EXERCISE DESCRIPTION: Nothing but the lines from the one containing "by (rule coeffs_supp_sum_shift[OF" through the end of the material should be restated, and each exactly.
§ §
lemma msum_restrict_all:
  assumes "v \<in> ocomp UNIV h" "J \<subseteq> {1..s}"
    and "\<And>i c. i \<in> {1..s} \<Longrightarrow> i \<notin> J \<Longrightarrow> c \<in> m i \<Longrightarrow> inner v c = 0"
  shows "v \<in> msum J"
proof (rule msum_restrict[of "{1..s}"])
  show "v \<in> msum {1..s}" using assms(1) msum_all by simp
qed (use assms in auto)

text \<open>Under Hypothesis (H) every intermediate subalgebra is a sum of modules \<open>m i\<close>, so that
  \<open>Jidx\<close> is well defined.\<close>

lemma Jidx_subalgebra:
  assumes S: "lie_subalg br S" "h \<subset> S"
  shows "Jidx s m h S = {i \<in> {1..s}. m i \<subseteq> S}"
    and "ocomp S h = msum (Jidx s m h S)"
proof -
  let ?J = "{i \<in> {1..s}. m i \<subseteq> S}"
  have S_sub: "subspace S" using S(1) unfolding lie_subalg_def by blast
  have sum_J: "msum ?J = ocomp S h"
  proof
    show "msum ?J \<subseteq> ocomp S h"
      using m_orthogonal_h subspace_ocomp[OF S_sub]
      by (intro msum_subset) (auto simp: ocomp_def)
    show "ocomp S h \<subseteq> msum ?J"
    proof
      fix v assume v: "v \<in> ocomp S h"
      have "inner v c = 0" if "i \<in> {1..s}" "\<not> m i \<subseteq> S" "c \<in> m i" for i c
        using m_subset_or_orthogonal[OF S that(1)] that v by (auto simp: ocomp_def inner_commute)
      then show "v \<in> msum ?J" using v by (intro msum_restrict_all) (auto simp: ocomp_def)
    qed
  qed
  have unique: "J = ?J" if J: "J \<subseteq> {1..s}" "msum J = ocomp S h" for J
  proof
    show "J \<subseteq> ?J"
      using J span_base unfolding msum_def ocomp_def by blast
    show "?J \<subseteq> J"
    proof
      fix i assume i: "i \<in> ?J"
      obtain c where c: "c \<in> m i" "c \<noteq> 0" using m_nonzero i by blast
      have "c \<in> msum J" using sum_J i c(1) J(2) by (auto intro: span_base simp: msum_def)
      then show "i \<in> J" using msum_orthogonal[of i J c c] i c J(1) by auto
    qed
  qed
  show "Jidx s m h S = ?J"
    unfolding Jidx_def by (rule the_equality) (use sum_J unique in \<open>auto simp: msum_def\<close>)
  then show "ocomp S h = msum (Jidx s m h S)" using sum_J by simp
qed

lemma ocomp_UNIV_subalgebra:
  assumes S: "lie_subalg br S" "h \<subset> S"
  shows "ocomp UNIV S = msum ({1..s} - Jidx s m h S)"
proof
  show "ocomp UNIV S \<subseteq> msum ({1..s} - Jidx s m h S)"
  proof
    fix v assume v: "v \<in> ocomp UNIV S"
    then show "v \<in> msum ({1..s} - Jidx s m h S)"
      using S(2) Jidx_subalgebra(1)[OF S]
      by (intro msum_restrict_all) (auto simp: ocomp_def inner_commute)
  qed
  show "msum ({1..s} - Jidx s m h S) \<subseteq> ocomp UNIV S"
    using m_subset_or_orthogonal[OF S] Jidx_subalgebra(1)[OF S]
    by (intro msum_subset subspace_ocomp subspace_UNIV) auto
qed

lemma ocomp_subalgebras:
  assumes K: "lie_subalg br K" and K': "lie_subalg br K'" "h \<subset> K'" and "K' \<subseteq> K"
  shows "ocomp K K' = msum (Jidx s m h K - Jidx s m h K')"
proof
  have hK: "h \<subset> K" using assms by blast
  have K_sub: "subspace K" using K unfolding lie_subalg_def by blast
  show "ocomp K K' \<subseteq> msum (Jidx s m h K - Jidx s m h K')"
  proof
    fix v assume v: "v \<in> ocomp K K'"
    then have "v \<in> msum (Jidx s m h K)"
      using Jidx_subalgebra(2)[OF K hK] K'(2) by (auto simp: ocomp_def)
    then show "v \<in> msum (Jidx s m h K - Jidx s m h K')"
      by (rule msum_restrict[rotated 2])
        (use v Jidx_subalgebra(1)[OF K'] Jidx_subalgebra(1)[OF K hK] in \<open>auto simp: ocomp_def inner_commute\<close>)
  qed
  show "msum (Jidx s m h K - Jidx s m h K') \<subseteq> ocomp K K'"
    using m_subset_or_orthogonal[OF K'] Jidx_subalgebra(1)[OF K'] Jidx_subalgebra(1)[OF K hK]
    by (intro msum_subset subspace_ocomp[OF K_sub]) (auto simp: ocomp_def)
qed

section \<open>Metrics that are diagonal in the decomposition\<close>

definition diag_metric :: "nat set \<Rightarrow> (nat \<Rightarrow> real) \<Rightarrow> 'a \<Rightarrow> 'a \<Rightarrow> real" where
  "diag_metric J x Y Z = (\<Sum>i\<in>J. x i * inner (proj (m i) Y) (proj (m i) Z))"
lemma residue_mult_powi:
  assumes "v holomorphic_on UNIV"
  shows "residue (\<lambda>z. v z * (z - w) powi k) w
       = (if k < 0 then (deriv ^^ nat (- k - 1)) v w / fact (nat (- k - 1)) else 0)"
proof (cases "k < 0")
  case True
  then have "(z - w) powi k = 1 / (z - w) ^ Suc (nat (- k - 1))" for z
    by (simp add: power_int_def power_inverse divide_inverse Suc_nat_eq_nat_zadd1)
  then show ?thesis
    using True residue_holomorphic_over_power[OF open_UNIV UNIV_I assms] by simp
next
  case False
  then have "residue (\<lambda>z. v z * (z - w) ^ nat k) w = 0"
    by (intro residue_holo[of UNIV]) (use assms in \<open>auto intro!: holomorphic_intros\<close>)
  then show ?thesis
    using False by (simp add: power_int_def)
qed

section \<open>Laurent polynomials with holomorphic coefficients\<close>

type_synonym coeffs = "int \<Rightarrow> complex \<Rightarrow> complex"

definition laurent :: "nat \<Rightarrow> coeffs \<Rightarrow> complex \<Rightarrow> complex \<Rightarrow> complex" where
  "laurent N C z x = (\<Sum>k=-int N..int N. C k x * (z - x) powi k)"

definition coeffs_supp :: "nat \<Rightarrow> coeffs \<Rightarrow> bool" where
  "coeffs_supp M C \<longleftrightarrow> (\<forall>k. int M < \<bar>k\<bar> \<longrightarrow> C k = (\<lambda>_. 0))"

definition coeffs_holomorphic :: "coeffs \<Rightarrow> bool" where
  "coeffs_holomorphic C \<longleftrightarrow> (\<forall>k. C k holomorphic_on UNIV)"

definition coeffs_deriv :: "coeffs \<Rightarrow> coeffs" where
  "coeffs_deriv C k = (\<lambda>x. deriv (C k) x - of_int (k + 1) * C (k + 1) x)"

definition coeffs_step :: "complex \<Rightarrow> (complex \<Rightarrow> complex) \<Rightarrow> complex \<Rightarrow> coeffs \<Rightarrow> coeffs" where
  "coeffs_step c F e C k = (\<lambda>x. c * coeffs_deriv C k x + F x * C k x + e * C (k + 1) x)"

definition laurent_residue :: "nat \<Rightarrow> (complex \<Rightarrow> complex) \<Rightarrow> coeffs \<Rightarrow> complex \<Rightarrow> complex" where
  "laurent_residue N v C x = (\<Sum>j<N. C (- int (Suc j)) x * (deriv ^^ j) v x / fact j)"

lemma coeffs_supp_sum_shift:
  assumes "coeffs_supp M C" "M < N"
  shows "(\<Sum>k=-int N..int N. C (k + 1) x * h (k + 1)) = (\<Sum>k=-int N..int N. C k x * h k)"
  using assms unfolding coeffs_supp_def
  by (intro sum_int_shift_vanishing_ends[where f = "\<lambda>k. C k x * h k"]) auto

lemma laurent_shift:
  assumes "coeffs_supp M C" "M < N" "z \<noteq> x"
  shows "laurent N (\<lambda>k. C (k + 1)) z x = laurent N C z x / (z - x)"
proof -
  have "laurent N (\<lambda>k. C (k + 1)) z x
      = (\<Sum>k=-int N..int N. C (k + 1) x * ((z - x) powi (k + 1) / (z - x)))"
    unfolding laurent_def using assms(3) by (intro sum.cong) (simp_all add: power_int_add)
  also have "\<dots> = (\<Sum>k=-int N..int N. C k x * ((z - x) powi k / (z - x)))"
    by (rule coeffs_supp_sum_shift[OF assms(1,2)])
  also have "\<dots> = laurent N C z x / (z - x)"
    unfolding laurent_def by (simp add: sum_divide_distrib)
  finally show ?thesis .
qed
§ §
REPLY TO THE TASK:
    by (rule coeffs_supp_sum_shift[OF assms(1,2)])
  also have "\<dots> = laurent N C z x / (z - x)"
    unfolding laurent_def by (simp add: sum_divide_distrib)
  finally show ?thesis .
qed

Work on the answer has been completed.